Dissertation/Thesis Abstract

Microphysics of the solar wind
by Malaspina, David Martin, Ph.D., University of Colorado at Boulder, 2010, 169; 3404050
Abstract (Summary)

Many plasma processes in the solar wind with macroscopic consequences involve interactions at or below 100 km scales. Magnetic reconnection, turbulent dissipation, and heliospheric radio bursts are all examples. This work takes advantage of recent advances in spacecraft in-situ measurement capabilities to explore such microscale plasma processes in the solar wind that have macroscopic consequences.

The microphysical phenomena of Langmuir waves, heliospheric radio bursts, and density turbulence are investigated using high-cadence electric field waveform observations from the STEREO spacecraft.
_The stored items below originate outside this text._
(* (i) If $f(z)=z+a_2z^2+\dots+a_dz^d$ is univalent in the unit disk $\mathbb D$ and $a_d=1/d$, then $f'$ is self-dual in $\Pi_{d-1}$. (ii) If $f(z)=z+\frac{a_1}{z}+\dots+\frac{a_d}{z^d}$ is univalent in $\Delta=\widehat{\mathbb C}\setminus\overline{\mathbb D}$ and $a_d=-1/d$, then the polynomial $z\mapsto f'(1/z)$ is self-dual in $\Pi_{d+1}$.
   Context: $\Pi_k$ denotes the space of complex polynomials of degree $\le k$. For $p\in\Pi_k$ define $p^*(z)=z^k\,\overline{p(1/\bar z)}$; $p$ is self-dual in $\Pi_k$ if $p^*=p$. *)

theory Defs
  imports "HOL-Analysis.Analysis" "HOL-Computational_Algebra.Polynomial"
begin

text \<open>p is self-dual in Pi_k: p has degree at most k and p*(z) = z^k conj(p(1/conj z)) equals p.
  The dual is given by the paper's formula, which is meaningful for z nonzero; as both
  sides are polynomials, equality on nonzero z is equality of polynomials.\<close>
definition self_dual :: "nat \<Rightarrow> complex poly \<Rightarrow> bool" where
  "self_dual k p \<longleftrightarrow> degree p \<le> k \<and>
     (\<forall>z. z \<noteq> 0 \<longrightarrow> z ^ k * cnj (poly p (1 / cnj z)) = poly p z)"

end

theory Submission
  imports Defs "HOL-Computational_Algebra.Fundamental_Theorem_Algebra"
    "HOL-Complex_Analysis.Conformal_Mappings"
begin

text \<open>By univalence the polynomial in question (f' resp. z \<mapsto> f'(1/z)) has no zero in the open
  unit disk, so all its roots have modulus at least 1. The normalisation of the top coefficient
  makes it monic with constant term 1, so the product of the moduli of its roots is 1 and
  every root lies on the unit circle. For a root r with |r| = 1 the reciprocal conjugate
  1/cnj r equals r, so z (cnj (1/cnj z) - cnj r) = -cnj r (z - r); multiplying over all roots,
  the factors -cnj r combine to the conjugate of the constant term, which is 1.\<close>

lemma prod_ge_1_eq_1_imp_eq_1:
  fixes f :: "'a \<Rightarrow> 'b :: linordered_idom"
  assumes "finite S" and ge: "\<And>i. i \<in> S \<Longrightarrow> f i \<ge> 1" and "prod f S = 1" and "j \<in> S"
  shows "f j = 1"
proof (rule ccontr)
  assume "f j \<noteq> 1"
  with ge[OF \<open>j \<in> S\<close>] have "f j > 1" by simp
  have "prod f (S - {j}) \<ge> 1" by (rule prod_ge_1) (simp add: ge)
  then have "f j * 1 \<le> f j * prod f (S - {j})"
    using \<open>f j > 1\<close> by (intro mult_left_mono) auto
  with \<open>f j > 1\<close> have "f j * prod f (S - {j}) > 1"
    by (metis mult.right_neutral order.strict_trans2)
  moreover have "prod f S = f j * prod f (S - {j})"
    using \<open>finite S\<close> \<open>j \<in> S\<close> by (rule prod.remove)
  ultimately show False using \<open>prod f S = 1\<close> by simp
qed

lemma self_dual_prod_unimodular_roots:
  fixes r :: "nat \<Rightarrow> complex"
  assumes unimodular: "\<And>i. i < k \<Longrightarrow> norm (r i) = 1" and const: "(\<Prod>i<k. - r i) = 1"
  shows "self_dual k (\<Prod>i<k. [:- r i, 1:])"
  unfolding self_dual_def
proof (intro conjI allI impI)
  show "degree (\<Prod>i<k. [:- r i, 1:]) \<le> k"
    by (rule order.trans[OF degree_prod_sum_le]) auto
  fix z :: complex assume "z \<noteq> 0"
  have factor: "z * cnj (1 / cnj z - r i) = - cnj (r i) * (z - r i)" if "i < k" for i
  proof -
    have "r i * cnj (r i) = 1"
      using unimodular[OF that] by (metis complex_norm_square of_real_1 one_power2)
    have "z * cnj (1 / cnj z - r i) = 1 - z * cnj (r i)"
      using \<open>z \<noteq> 0\<close> by (simp add: right_diff_distrib)
    also have "\<dots> = - cnj (r i) * (z - r i)"
      using \<open>r i * cnj (r i) = 1\<close> by (simp add: algebra_simps)
    finally show ?thesis .
  qed
  have "z ^ k * cnj (poly (\<Prod>i<k. [:- r i, 1:]) (1 / cnj z)) = (\<Prod>i<k. z * cnj (1 / cnj z - r i))"
    by (simp add: poly_prod prod.distrib)
  also have "\<dots> = (\<Prod>i<k. - cnj (r i) * (z - r i))"
    by (rule prod.cong[OF refl]) (simp only: lessThan_iff factor)
  also have "\<dots> = (\<Prod>i<k. - cnj (r i)) * (\<Prod>i<k. z - r i)"
    by (rule prod.distrib)
  also have "(\<Prod>i<k. - cnj (r i)) = cnj (\<Prod>i<k. - r i)"
    by simp
  finally show "z ^ k * cnj (poly (\<Prod>i<k. [:- r i, 1:]) (1 / cnj z)) = poly (\<Prod>i<k. [:- r i, 1:]) z"
    using const by (simp add: poly_prod)
qed

lemma self_dual_if_zero_free_in_disc:
  fixes q :: "complex poly"
  assumes "degree q \<le> k" and lead: "coeff q k = 1" and const: "coeff q 0 = 1"
    and zero_free: "\<And>z. norm z < 1 \<Longrightarrow> poly q z \<noteq> 0"
  shows "self_dual k q"
proof -
  have "degree q = k"
    using assms(1) lead by (metis coeff_eq_0 le_antisym not_le zero_neq_one)
  moreover obtain r where "smult (lead_coeff q) (\<Prod>i<degree q. [:- r i, 1:]) = q"
    using complex_poly_decompose' by blast
  ultimately have q: "q = (\<Prod>i<k. [:- r i, 1:])"
    using lead by simp
  have roots: "poly q (r i) = 0" if "i < k" for i
    unfolding q poly_prod using that by (intro prod_zero) auto
  have "(\<Prod>i<k. - r i) = 1"
    using const by (simp add: q poly_prod flip: poly_0_coeff_0)
  then have "norm (\<Prod>i<k. - r i) = 1"
    by simp
  then have norm_prod: "(\<Prod>i<k. norm (r i)) = 1"
    by (simp add: prod_norm[symmetric] del: prod_norm)
  have norm_ge: "norm (r i) \<ge> 1" if "i < k" for i
    using zero_free roots[OF that] by (meson not_le)
  have "norm (r i) = 1" if "i < k" for i
    using that norm_ge by (intro prod_ge_1_eq_1_imp_eq_1[OF _ _ norm_prod]) auto
  then show ?thesis
    unfolding q using \<open>(\<Prod>i<k. - r i) = 1\<close> by (rule self_dual_prod_unimodular_roots)
qed

lemma self_dual_pderiv_if_univalent:
  fixes p :: "complex poly"
  assumes "d \<ge> 1" "degree p \<le> d" "coeff p 1 = 1" "coeff p d = 1 / of_nat d"
    and univalent: "inj_on (poly p) (ball 0 1)"
  shows "self_dual (d - 1) (pderiv p)"
proof (rule self_dual_if_zero_free_in_disc)
  show "degree (pderiv p) \<le> d - 1"
    using assms(2) by (simp add: degree_pderiv)
  have "Suc (d - 1) = d"
    using assms(1) by simp
  then show "coeff (pderiv p) (d - 1) = 1"
    using assms(1,4) by (simp add: coeff_pderiv)
  show "coeff (pderiv p) 0 = 1"
    using assms(3) by (simp add: coeff_pderiv)
  fix z :: complex assume "norm z < 1"
  have "poly p holomorphic_on ball 0 1"
    unfolding holomorphic_on_def field_differentiable_def
    by (meson has_field_derivative_at_within poly_DERIV)
  then have "deriv (poly p) z \<noteq> 0"
    by (rule holomorphic_injective_imp_regular[OF _ open_ball univalent])
      (simp add: \<open>norm z < 1\<close>)
  then show "poly (pderiv p) z \<noteq> 0"
    by (simp add: DERIV_imp_deriv[OF poly_DERIV])
qed

lemma has_field_derivative_inverse_power_sum:
  fixes a :: "nat \<Rightarrow> complex"
  assumes "w \<noteq> 0"
  shows "((\<lambda>z. z + (\<Sum>k=1..d. a k / z ^ k)) has_field_derivative
           1 + (\<Sum>k=1..d. - of_nat k * a k / w ^ (k + 1))) (at w)"
proof -
  have "((\<lambda>z. a k / z ^ k) has_field_derivative - of_nat k * a k / w ^ (k + 1)) (at w)" for k
  proof -
    have "w ^ Suc k * w ^ (k - 1) = w ^ k * w ^ k" if "k > 0"
    proof -
      have "Suc k + (k - 1) = k + k"
        using that by simp
      then show ?thesis
        by (metis power_add)
    qed
    then show ?thesis
      using \<open>w \<noteq> 0\<close>
      by (auto intro!: derivative_eq_intros
          simp: field_simps power_Suc[symmetric] simp del: power_Suc)
  qed
  then show ?thesis
    by (intro DERIV_add DERIV_ident DERIV_sum)
qed

lemma self_dual_reflected_derivative_if_univalent:
  fixes a :: "nat \<Rightarrow> complex"
  assumes "d \<ge> 1" and f: "\<And>z. f z = z + (\<Sum>k=1..d. a k / z ^ k)"
    and "a d = - 1 / of_nat d" and univalent: "inj_on f {z. 1 < norm z}"
  defines "q \<equiv> 1 + (\<Sum>k=1..d. monom (- of_nat k * a k) (k + 1))"
  shows "(\<forall>z. z \<noteq> 0 \<longrightarrow> poly q z = deriv f (1 / z)) \<and> self_dual (d + 1) q"
proof
  have f': "(f has_field_derivative 1 + (\<Sum>k=1..d. - of_nat k * a k / w ^ (k + 1))) (at w)"
    if "w \<noteq> 0" for w
    unfolding f[abs_def] using that by (rule has_field_derivative_inverse_power_sum)
  have poly_q: "poly q z = deriv f (1 / z)" if "z \<noteq> 0" for z
  proof -
    have "deriv f (1 / z) = 1 + (\<Sum>k=1..d. - of_nat k * a k / (1 / z) ^ (k + 1))"
      using that by (intro DERIV_imp_deriv f') simp
    then show ?thesis
      by (simp add: q_def poly_sum poly_monom power_one_over)
  qed
  then show "\<forall>z. z \<noteq> 0 \<longrightarrow> poly q z = deriv f (1 / z)"
    by blast
  show "self_dual (d + 1) q"
  proof (rule self_dual_if_zero_free_in_disc)
    show "degree q \<le> d + 1"
      unfolding q_def
      by (intro degree_add_le) (auto intro!: degree_sum_le order.trans[OF degree_monom_le])
    show "coeff q (d + 1) = 1"
      using assms(1,3) by (simp add: q_def coeff_sum coeff_monom)
    show "coeff q 0 = 1"
      by (simp add: q_def coeff_sum coeff_monom)
    fix z :: complex assume "norm z < 1"
    show "poly q z \<noteq> 0"
    proof (cases "z = 0")
      case True
      then show ?thesis by (simp add: q_def poly_sum poly_monom)
    next
      case False
      have "f holomorphic_on {z. 1 < norm z}"
        using f' unfolding holomorphic_on_def field_differentiable_def
        by (metis has_field_derivative_at_within mem_Collect_eq norm_zero not_one_less_zero)
      moreover have "open {z :: complex. 1 < norm z}"
        by (intro open_Collect_less continuous_intros)
      moreover have "1 < norm (1 / z)"
        using False \<open>norm z < 1\<close> by (simp add: norm_divide field_simps)
      ultimately have "deriv f (1 / z) \<noteq> 0"
        by (intro holomorphic_injective_imp_regular[OF _ _ univalent]) auto
      then show ?thesis
        using poly_q[OF False] by simp
    qed
  qed
qed

theorem lemma2p9:
  shows "(\<forall>(d::nat) (p::complex poly).
            d \<ge> 2 \<and> degree p \<le> d \<and> coeff p 0 = 0 \<and> coeff p 1 = 1 \<and>
            coeff p d = 1 / of_nat d \<and> inj_on (poly p) (ball 0 1)
            \<longrightarrow> self_dual (d - 1) (pderiv p))
       \<and> (\<forall>(d::nat) (a::nat \<Rightarrow> complex) (f::complex \<Rightarrow> complex).
            d \<ge> 1 \<and> (\<forall>z. f z = z + (\<Sum>k=1..d. a k / z ^ k)) \<and>
            a d = - 1 / of_nat d \<and> inj_on f {z. 1 < norm z}
            \<longrightarrow> (\<exists>q. (\<forall>z. z \<noteq> 0 \<longrightarrow> poly q z = deriv f (1 / z)) \<and> self_dual (d + 1) q))"
proof (intro conjI allI impI)
  fix d and p :: "complex poly"
  assume "d \<ge> 2 \<and> degree p \<le> d \<and> coeff p 0 = 0 \<and> coeff p 1 = 1 \<and>
    coeff p d = 1 / of_nat d \<and> inj_on (poly p) (ball 0 1)"
  then show "self_dual (d - 1) (pderiv p)"
    by (intro self_dual_pderiv_if_univalent) auto
next
  fix d a and f :: "complex \<Rightarrow> complex"
  assume "d \<ge> 1 \<and> (\<forall>z. f z = z + (\<Sum>k=1..d. a k / z ^ k)) \<and>
    a d = - 1 / of_nat d \<and> inj_on f {z. 1 < norm z}"
  then show "\<exists>q. (\<forall>z. z \<noteq> 0 \<longrightarrow> poly q z = deriv f (1 / z)) \<and> self_dual (d + 1) q"
    using self_dual_reflected_derivative_if_univalent by blast
qed

end
(* Let $a(z)$ be a complex function that is differentially transcendental over $\mathcal{C}=\mathbf{C}(z)$. Let $f(z,u_0,u_1,\ldots,u_m,y_1,\ldots,y_n)$ be a rational expression over $\mathcal{L}$, i.e. a rational function in the variables $u_0,\ldots,u_m,y_1,\ldots,y_n$ with coefficients in $\mathcal{L}$. Let $e_1,\ldots,e_m$ be entire functions which are differentially algebraic over $\mathcal{C}$ and satisfy $e_i'\not\equiv 0$ for $1\le i\le m$. If $b$ is a function meromorphic on $\mathbf{C}$ such that $$f(z,b,b\circ e_1,\ldots,b\circ e_m,Db,\ldots,D^nb)\equiv a(z),$$ then $b$ is differentially transcendental over $\mathcal{C}$.
   Context: $D=d/dz$. $\mathcal{C}=\mathbf{C}(z)$ is the differential field of complex rational functions, and $\mathcal{M}$ is the differential field of complex functions meromorphic on $\mathbf{C}$. A function $h\in\mathcal{M}$ (or more generally a complex function) is differentially algebraic over $\mathcal{C}$ if there exist $n\in\mathbf{N}$ and a nonzero polynomial $p\in\mathcal{C}[u_0,\ldots,u_n]$ with $p(h,Dh,\ldots,D^nh)\equiv0$; otherwise it is differentially transcendental over $\mathcal{C}$. $\mathcal{L}=\{h\in\mathcal{M}: h \text{ is differentially algebraic over } \mathcal{C}\}$, which is a differential subfield of $\mathcal{M}$ containing $\mathcal{C}$. *)

theory Defs
  imports "HOL-Complex_Analysis.Complex_Analysis" "HOL-Computational_Algebra.Polynomial"
begin
(* In the nabla Ric part, the Ricci identity moves the derivative onto the
   direction grad f, producing derivatives of R and |Ric|^2 plus the curvature part. *)
lemma nabla_ric_part: assumes y: "y \<in> U"
  shows "(\<Sum>k\<in>UNIV. \<Sum>a\<in>UNIV. (\<Sum>q\<in>UNIV. V q y * nabla2 g (ric g) k a q y) * hess_raised k a y)
     = lam * dir_grad g f (scal g) y / 2 - dir_grad g f (ric_norm2 g) y / 2 - curv_part y"
proof -
  have cr: "nabla2 g (ric g) k a q y = nabla2 g (ric g) q k a y + (\<Sum>m\<in>UNIV. Rm m k q a y * pd m f y)" for k a q
    using nabla2_ric_sym[OF y, of k a q] ricci_identity_ric[OF y, of k q a] by simp
  have "(\<Sum>k\<in>UNIV. \<Sum>a\<in>UNIV. (\<Sum>q\<in>UNIV. V q y * nabla2 g (ric g) k a q y) * hess_raised k a y)
     = lam * (\<Sum>k\<in>UNIV. \<Sum>a\<in>UNIV. (\<Sum>q\<in>UNIV. V q y * nabla2 g (ric g) k a q y) * gi k a y)
       - (\<Sum>k\<in>UNIV. \<Sum>a\<in>UNIV. (\<Sum>q\<in>UNIV. V q y * nabla2 g (ric g) k a q y) * ric_raised k a y)"
    by (simp add: hess_raised_eq[OF y] algebra_simps sum_subtractf sum_distrib_left)
  also have "(\<Sum>k\<in>UNIV. \<Sum>a\<in>UNIV. (\<Sum>q\<in>UNIV. V q y * nabla2 g (ric g) k a q y) * ric_raised k a y)
     = (\<Sum>k\<in>UNIV. \<Sum>a\<in>UNIV. (\<Sum>q\<in>UNIV. V q y * nabla2 g (ric g) q k a y) * ric_raised k a y) + curv_part y"
  proof -
    have "\<And>k a. (\<Sum>q\<in>UNIV. V q y * nabla2 g (ric g) k a q y)
       = (\<Sum>q\<in>UNIV. V q y * nabla2 g (ric g) q k a y) + (\<Sum>q\<in>UNIV. V q y * (\<Sum>m\<in>UNIV. Rm m k q a y * pd m f y))"
      by (subst sum.distrib[symmetric], rule sum.cong[OF refl], subst cr, simp add: distrib_left)
    thus ?thesis unfolding curv_part_def by (simp add: distrib_right sum.distrib)
  qed
  finally show ?thesis
    using trace_nabla_ric_along_grad[OF y] nabla_ric_ric_along_grad[OF y] by simp
qed

lemma riem_up_df_lower: assumes y: "y \<in> U"
  shows "(\<Sum>m\<in>UNIV. Rm m k q a y * pd m f y) = (\<Sum>s\<in>UNIV. riem g k q a s y * V s y)"
proof -
  have "(\<Sum>s\<in>UNIV. riem g k q a s y * V s y) = (\<Sum>s\<in>UNIV. \<Sum>p\<in>UNIV. \<Sum>j\<in>UNIV. Rm p k q a y * (g p s y * gi s j y * pd j f y))"
    unfolding riem_def grad_def by (simp add: sum_distrib_left sum_distrib_right mult_ac)
  also have "\<dots> = (\<Sum>p\<in>UNIV. \<Sum>j\<in>UNIV. \<Sum>s\<in>UNIV. Rm p k q a y * (g p s y * gi s j y * pd j f y))"
    by (rule sum_rot3)
  also have "\<dots> = (\<Sum>p\<in>UNIV. \<Sum>j\<in>UNIV. Rm p k q a y * pd j f y * (\<Sum>s\<in>UNIV. g p s y * gi s j y))"
    by (simp add: sum_distrib_left mult_ac)
  also have "\<dots> = (\<Sum>m\<in>UNIV. Rm m k q a y * pd m f y)"
    by (simp add: g_ginv[OF y] mult.assoc[symmetric])
  finally show ?thesis by simp
qed

lemma riem_ric_term_raised: assumes y: "y \<in> U"
  shows "riem_ric_term g f y
    = (\<Sum>i\<in>UNIV. \<Sum>a\<in>UNIV. \<Sum>k\<in>UNIV. \<Sum>b\<in>UNIV. riem g a i k b y * V a y * V b y * ric_raised k i y)"
proof -
  have "riem_ric_term g f y = (\<Sum>i\<in>UNIV. \<Sum>a\<in>UNIV. \<Sum>k\<in>UNIV. \<Sum>b\<in>UNIV. \<Sum>j\<in>UNIV.
      gi i j y * riem g a i k b y * V a y * ric_up g k j y * V b y)"
  proof -
    have "riem_ric_term g f y = (\<Sum>i\<in>UNIV. \<Sum>j\<in>UNIV. \<Sum>a\<in>UNIV. \<Sum>k\<in>UNIV. \<Sum>b\<in>UNIV.
      gi i j y * riem g a i k b y * V a y * ric_up g k j y * V b y)" by (simp add: riem_ric_term_def)
    also have "\<dots> = (\<Sum>i\<in>UNIV. \<Sum>a\<in>UNIV. \<Sum>j\<in>UNIV. \<Sum>k\<in>UNIV. \<Sum>b\<in>UNIV.
      gi i j y * riem g a i k b y * V a y * ric_up g k j y * V b y)"
      by (rule sum.cong[OF refl], rule sum.swap)
    also have "\<dots> = (\<Sum>i\<in>UNIV. \<Sum>a\<in>UNIV. \<Sum>k\<in>UNIV. \<Sum>b\<in>UNIV. \<Sum>j\<in>UNIV.
      gi i j y * riem g a i k b y * V a y * ric_up g k j y * V b y)"
      by (rule sum.cong[OF refl], rule sum.cong[OF refl], rule sum_rot3)
    finally show ?thesis .
  qed
  also have "\<dots> = (\<Sum>i\<in>UNIV. \<Sum>a\<in>UNIV. \<Sum>k\<in>UNIV. \<Sum>b\<in>UNIV. riem g a i k b y * V a y * V b y * ric_raised k i y)"
  proof (intro sum.cong refl)
    fix i a k b
    have "(\<Sum>j\<in>UNIV. gi i j y * ric_up g k j y) = ric_raised k i y"
      unfolding ric_up_def ric_raised_def by (subst sum.swap) (simp add: sum_distrib_left mult_ac)
    moreover have "(\<Sum>j\<in>UNIV. gi i j y * riem g a i k b y * V a y * ric_up g k j y * V b y)
       = (\<Sum>j\<in>UNIV. gi i j y * ric_up g k j y) * (riem g a i k b y * V a y * V b y)"
      by (simp add: sum_distrib_right sum_distrib_left mult_ac)
    ultimately show "(\<Sum>j\<in>UNIV. gi i j y * riem g a i k b y * V a y * ric_up g k j y * V b y) = riem g a i k b y * V a y * V b y * ric_raised k i y"
      by (simp add: mult_ac)
  qed
  finally show ?thesis .
qed

(* The curvature part is minus the curvature term of the theorem, by the
   antisymmetry of R in its first two arguments. *)
lemma curv_part_eq: assumes y: "y \<in> U" shows "curv_part y = - riem_ric_term g f y"
proof -
  have "riem_ric_term g f y
    = (\<Sum>i\<in>UNIV. \<Sum>a\<in>UNIV. \<Sum>k\<in>UNIV. \<Sum>b\<in>UNIV. riem g a i k b y * V a y * V b y * ric_raised k i y)"
    by (rule riem_ric_term_raised[OF y])
  also have "\<dots> = - (\<Sum>i\<in>UNIV. \<Sum>a\<in>UNIV. \<Sum>k\<in>UNIV. \<Sum>b\<in>UNIV. riem g i a k b y * V a y * V b y * ric_raised i k y)"
  proof -
    have "(\<Sum>i\<in>UNIV. \<Sum>a\<in>UNIV. \<Sum>k\<in>UNIV. \<Sum>b\<in>UNIV. riem g a i k b y * V a y * V b y * ric_raised k i y)
       = (\<Sum>i\<in>UNIV. \<Sum>a\<in>UNIV. \<Sum>k\<in>UNIV. \<Sum>b\<in>UNIV. - (riem g i a k b y * V a y * V b y * ric_raised i k y))"
    proof (intro sum.cong refl)
      fix i a k b
      show "riem g a i k b y * V a y * V b y * ric_raised k i y = - (riem g i a k b y * V a y * V b y * ric_raised i k y)"
        using riem_antisym_12[of a i k b y] ric_raised_sym[OF y, of k i] by simp
    qed
    thus ?thesis by (simp add: sum_negf)
  qed
  also have "(\<Sum>i\<in>UNIV. \<Sum>a\<in>UNIV. \<Sum>k\<in>UNIV. \<Sum>b\<in>UNIV. riem g i a k b y * V a y * V b y * ric_raised i k y) = curv_part y"
  proof -
    have "curv_part y = (\<Sum>i\<in>UNIV. \<Sum>k\<in>UNIV. \<Sum>a\<in>UNIV. \<Sum>b\<in>UNIV. riem g i a k b y * V a y * V b y * ric_raised i k y)"
      unfolding curv_part_def riem_up_df_lower[OF y] by (simp add: sum_distrib_left sum_distrib_right mult_ac)
    also have "\<dots> = (\<Sum>i\<in>UNIV. \<Sum>a\<in>UNIV. \<Sum>k\<in>UNIV. \<Sum>b\<in>UNIV. riem g i a k b y * V a y * V b y * ric_raised i k y)"
      by (rule sum.cong[OF refl], rule sum.swap)
    finally show ?thesis by simp
  qed
  finally show ?thesis by simp
qed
These processes are of particular interest since they can be used to investigate longstanding questions concerning coronal heating and solar wind acceleration.

A formulation of Langmuir waves as eigenmodes of ambient solar wind density cavities is derived and shown to be consistent with observations. Consequences of the eigenmode interpretation such as three-dimensional Langmuir wave structure, localized wave packet growth, conversion into electromagnetic radiation, and the nature of the interaction between Langmuir waves and a turbulently fluctuating density medium are explored using both measurement and derivation. Measurements of the power spectrum of solar wind density turbulence in the dissipation range are also explored.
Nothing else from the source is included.